"Shafiyah? siapa mereka?" tanya Inayah dengan wajah pucat bersembunyi di balik punggung Shafiyah.
"Aku juga tidak tahu Inayah." ucap Shafiyah sambil menggenggam tangan Inayah dengan erat.
"Inayah cepat kamu masuk." ucap Shafiyah dengan tatapan tak lepas pada dua orang berkulit putih bersih dengan pakaian Preman mengingatkan Shafiyah pada Ridwan dan Yusuf saat datang dengan menyamar sebagai preman.
"Aku tidak akan masuk, kita akan hadapi mereka berdua." ucap Inayah seraya mengambil sapu lidi yang ada di depan pintu.
"Inayah mereka kemari." ucap Shafiyah memasang kuda-kuda seolah-olah bisa bela diri.
"Siapa kalian!! mau apa datang kemari!" teriak Shafiyah dengan tatapan tajam.

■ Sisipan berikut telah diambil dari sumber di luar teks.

lemma cost_centroid_tree_le:
  assumes "sym E" "0 \<le> \<alpha>" "gain_bound \<alpha> c \<beta>"
  shows "search_tree E S T \<Longrightarrow> connected_on E S \<Longrightarrow>
    \<forall>u\<in>subtrees T. is_centroid E w \<alpha> (vset u) (root u) \<Longrightarrow> \<forall>x\<in>S. 0 \<le> w x \<Longrightarrow>
    c * cost w T \<le> OPT S E w - \<beta> * sum w S"
proof (induction rule: search_tree.induct)
  case (1 r S ts)
  have st: "search_tree E S (Node r ts)" using 1(1-4) by (intro search_tree.intros) auto
  let ?\<H> = "components E (S - {r})"
  have IH: "c * cost w t \<le> OPT (vset t) E w - \<beta> * sum w (vset t)" if t: "t \<in> set ts" for t
    using 1(4) t connected_on_components[OF assms(1) search_tree_child_component[OF st t]]
      1(6,7) search_tree_child_subset[OF st t] by auto
  have "c * cost w (Node r ts) = c * sum w S + (\<Sum>t\<leftarrow>ts. c * cost w t)"
    by (simp add: cost_Node[OF assms(1) st] distrib_left sum_list_const_mult)
  also have "\<dots> \<le> c * sum w S + (\<Sum>t\<leftarrow>ts. OPT (vset t) E w - \<beta> * sum w (vset t))"
    using IH by (simp add: sum_list_mono)
  also have "\<dots> = c * sum w S + (\<Sum>H\<in>?\<H>. OPT H E w) - \<beta> * (sum w S - w r)"
    using sum_list_children_eq_sum_components[OF st, of "\<lambda>H. OPT H E w - \<beta> * sum w H"]
      sum_list_children_eq_sum_components[OF st, of "sum w"] search_tree_sum_weight[OF assms(1) st, of w]
    by (simp add: sum_subtractf sum_distrib_left)
  also have "\<dots> \<le> OPT S E w - \<beta> * sum w S"
    using OPT_split_ge_gain[OF assms(1) _ 1(5) 1(7) _ assms(2,3), of r]
      search_tree_vset[OF st] finite_vset[of "Node r ts"] 1(6)
    by (auto simp: algebra_simps)
  finally show ?case .
qed

lemma sum_weight_le_OPT:
  assumes "sym E" "finite V" "V \<noteq> {}" "\<forall>x\<in>V. 0 \<le> w x"
  shows "sum w V \<le> OPT V E w"
proof -
  obtain T where T: "search_tree E V T" "cost w T = OPT V E w"
    using OPT_attained[OF assms(2,3)] by blast
  obtain s ss where Ts: "T = Node s ss" by (cases T)
  note st = T(1)[unfolded Ts]
  have "0 \<le> cost w t" if "t \<in> set ss" for t
    using cost_eq_induced_cost[OF assms(1) search_tree_NodeD(4)[OF st that]]
      induced_cost_nonneg[of "vset t" w t] assms(4) search_tree_child_subset[OF st that] by auto
  then have "0 \<le> (\<Sum>t\<leftarrow>ss. cost w t)" by (intro sum_list_nonneg) auto
  then show ?thesis using T(2) Ts cost_Node[OF assms(1) st, of w] by simp
qed

lemma is_tree_connected_on:
  assumes "is_tree V E"
  shows "connected_on E V"
  unfolding connected_on_def
proof
  fix x assume x: "x \<in> V"
  have "V \<subseteq> component E V x"
    using assms x unfolding is_tree_def component_def by blast
  then show "component E V x = V" using component_subset[of E V x] by blast
qed

lemma cent_le_of_gain_bound:
  assumes "is_tree V E" "\<forall>x\<in>V. 0 \<le> w x" "0 \<le> \<alpha>" "0 < c" "\<beta> \<le> 1" "gain_bound \<alpha> c \<beta>"
  shows "cent \<alpha> V E w \<le> 1 / c * OPT V E w - \<beta> / c * sum w V"
proof -
  have fin: "finite V" and ne: "V \<noteq> {}" and sym: "sym E"
    using assms(1) unfolding is_tree_def by auto
  have rhs: "1 / c * OPT V E w - \<beta> / c * sum w V = (OPT V E w - \<beta> * sum w V) / c"
    by (simp add: diff_divide_distrib)
  have bound: "cost w T \<le> (OPT V E w - \<beta> * sum w V) / c" if "centroid_tree V E w \<alpha> T" for T
    using cost_centroid_tree_le[OF sym assms(3,6), of V T w] that is_tree_connected_on[OF assms(1)]
      assms(2,4) unfolding centroid_tree_def by (simp add: pos_le_divide_eq mult.commute)
  show ?thesis
  proof (cases "\<exists>T. centroid_tree V E w \<alpha> T")
    case True
    have "{cost w T | T. centroid_tree V E w \<alpha> T} \<subseteq> cost w ` {T. search_tree E V T}"
      unfolding centroid_tree_def by blast
    then have "finite {cost w T | T. centroid_tree V E w \<alpha> T}"
      using finite_search_trees[OF fin] finite_subset by blast
    with True show ?thesis
      unfolding cent_def rhs using bound by (auto intro!: Max.boundedI)
  next
    case False
    have "\<beta> * sum w V \<le> sum w V"
      using assms(2,5) sum_nonneg[of V w] by (cases "\<beta> \<le> 0") (auto intro: mult_left_le_one_le order_trans[OF mult_nonpos_nonneg])
    then have "0 \<le> (OPT V E w - \<beta> * sum w V) / c"
      using sum_weight_le_OPT[OF sym fin ne assms(2)] assms(4) by simp
    moreover have "cent \<alpha> V E w = 0" unfolding cent_def using False by (simp only: if_False)
    ultimately show ?thesis unfolding rhs by simp
  qed
qed

lemma gain_bound_centroid:
  assumes "0 < \<alpha>" "\<alpha> < 1"
  shows "gain_bound \<alpha> (1 - \<alpha>) \<alpha>"
  unfolding gain_bound_def
proof (intro allI impI)
  fix m x a b Y :: real
  assume h: "0 \<le> x" "x \<le> m" "0 \<le> a" "a \<le> \<alpha> * m" "0 \<le> b" "b \<le> \<alpha> * m"
    "m \<le> Y \<or> (m - a + x \<le> Y \<and> (2 * (m - a) \<le> Y \<or> 2 * (m - a) - b + x \<le> Y))"
  have "\<alpha> * x \<le> \<alpha> * m" "\<alpha> * x \<le> x"
    using h(1,2) assms by (auto intro: mult_left_mono mult_left_le_one_le)
  then show "(1 - \<alpha>) * m + \<alpha> * x \<le> Y"
    using h by (auto simp: algebra_simps)
qed

lemma gain_bound_centroid_third:
  assumes "1/3 \<le> \<alpha>" "\<alpha> \<le> 1/2"
  shows "gain_bound \<alpha> (2 - 3 * \<alpha>) (3 * \<alpha> - 1)"
  unfolding gain_bound_def
proof (intro allI impI)
  fix m x a b Y :: real
  assume h: "0 \<le> x" "x \<le> m" "0 \<le> a" "a \<le> \<alpha> * m" "0 \<le> b" "b \<le> \<alpha> * m"
    "m \<le> Y \<or> (m - a + x \<le> Y \<and> (2 * (m - a) \<le> Y \<or> 2 * (m - a) - b + x \<le> Y))"
  have "(3 * \<alpha> - 1) * x \<le> (3 * \<alpha> - 1) * m" "0 \<le> (1 - 2 * \<alpha>) * m" "0 \<le> (2 - 3 * \<alpha>) * x"
    using h(1,2) assms by (auto intro: mult_left_mono mult_nonneg_nonneg)
  then show "(2 - 3 * \<alpha>) * m + (3 * \<alpha> - 1) * x \<le> Y"
    using h by (auto simp: algebra_simps)
qed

"Assalamualaikum Ukhti." sapa dua preman itu tersenyum sambil menganggukkan kepala memberi salam pada Shafiyah dan Inayah.
Sontak Shafiyah dan Inayah saling berpandangan tak mengerti.
"Waalaikumsallam, siapa kalian berdua?" tanya Shafiyah melemaskan punggungnya yang sudah tegang.
Inayah segera mengembalikan sapu di tempatnya.
"Begini Ukhti, kita berdua santri dari Ustadz Ridwan. Dan Ustadz Yusuf meminta tolong pada kita berdua untuk mengantar ini untuk Ukhti Inayah." ucap salah satu dari Santri tersebut memberikan kotak yang terbungkus koran pada Shafiyah.
"Apa? kalian berdua santrinya Ustadz Ridwan? dan apa ini?" tanya Shafiyah sambil mengamati kotak yang terbungkus koran yang ada di tangannya.
"Aku juga tidak tahu isinya apa Ukhti. Kita hanya membantu memberikannya saja. Sekarang kita permisi pulang. Assalamualaikum." ucap salah satu santri itu kemudian pergi di ikuti temannya dan naik ke atas motornya dan meninggalkan Shafiyah dan Inayah yang masih berdiri mematung.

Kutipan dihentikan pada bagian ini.